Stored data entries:
definition instance_ok :: "'w set \<Rightarrow> 'f set \<Rightarrow> ('w \<times> 'f) set \<Rightarrow> ('w,'f) vec \<Rightarrow>
    ('w \<Rightarrow> ('w,'f) vec \<Rightarrow> ('w,'f) vec) \<Rightarrow> ('f \<Rightarrow> ('w,'f) vec \<Rightarrow> ('w,'f) vec) \<Rightarrow> bool" where
  "instance_ok W F E b CW CF \<longleftrightarrow> finite W \<and> finite F \<and> E \<subseteq> W \<times> F \<and>
     (\<forall>e \<in> E. 0 \<le> b e) \<and>
     (\<forall>w \<in> W. choice_fun b (Ew E w) (CW w)) \<and> (\<forall>f \<in> F. choice_fun b (Ef E f) (CF f))"

definition gmatching :: "'w set \<Rightarrow> 'f set \<Rightarrow> ('w \<times> 'f) set \<Rightarrow> ('w,'f) vec \<Rightarrow>
    ('w \<Rightarrow> ('w,'f) vec \<Rightarrow> ('w,'f) vec) \<Rightarrow> ('f \<Rightarrow> ('w,'f) vec \<Rightarrow> ('w,'f) vec) \<Rightarrow> ('w,'f) vec \<Rightarrow> bool" where
  "gmatching W F E b CW CF x \<longleftrightarrow>
     (\<forall>e. e \<notin> E \<longrightarrow> x e = 0) \<and> (\<forall>e \<in> E. 0 \<le> x e \<and> x e \<le> b e) \<and>
     (\<forall>w \<in> W. acceptable b (Ew E w) (CW w) (res (Ew E w) x)) \<and>
     (\<forall>f \<in> F. acceptable b (Ef E f) (CF f) (res (Ef E f) x))"

definition blocking :: "('w \<times> 'f) set \<Rightarrow> ('w,'f) vec \<Rightarrow>
    ('w \<Rightarrow> ('w,'f) vec \<Rightarrow> ('w,'f) vec) \<Rightarrow> ('f \<Rightarrow> ('w,'f) vec \<Rightarrow> ('w,'f) vec) \<Rightarrow> ('w,'f) vec \<Rightarrow> ('w \<times> 'f) \<Rightarrow> bool" where
  "blocking E b CW CF x e \<longleftrightarrow> e \<in> E \<and>
     interesting b (Ew E (fst e)) (CW (fst e)) (res (Ew E (fst e)) x) e \<and>
     interesting b (Ef E (snd e)) (CF (snd e)) (res (Ef E (snd e)) x) e"

definition stable :: "'w set \<Rightarrow> 'f set \<Rightarrow> ('w \<times> 'f) set \<Rightarrow> ('w,'f) vec \<Rightarrow>
    ('w \<Rightarrow> ('w,'f) vec \<Rightarrow> ('w,'f) vec) \<Rightarrow> ('f \<Rightarrow> ('w,'f) vec \<Rightarrow> ('w,'f) vec) \<Rightarrow> ('w,'f) vec \<Rightarrow> bool" where
  "stable W F E b CW CF x \<longleftrightarrow> gmatching W F E b CW CF x \<and> (\<nexists>e. blocking E b CW CF x e)"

◆ TRY IT ◆
Show the lines above with "definition".

◆ RESULT OF THE TASK ◆
definition instance_ok :: "'w set \<Rightarrow> 'f set \<Rightarrow> ('w \<times> 'f) set \<Rightarrow> ('w,'f) vec \<Rightarrow>
definition gmatching :: "'w set \<Rightarrow> 'f set \<Rightarrow> ('w \<times> 'f) set \<Rightarrow> ('w,'f) vec \<Rightarrow>
definition blocking :: "('w \<times> 'f) set \<Rightarrow> ('w,'f) vec \<Rightarrow>
definition stable :: "'w set \<Rightarrow> 'f set \<Rightarrow> ('w \<times> 'f) set \<Rightarrow> ('w,'f) vec \<Rightarrow>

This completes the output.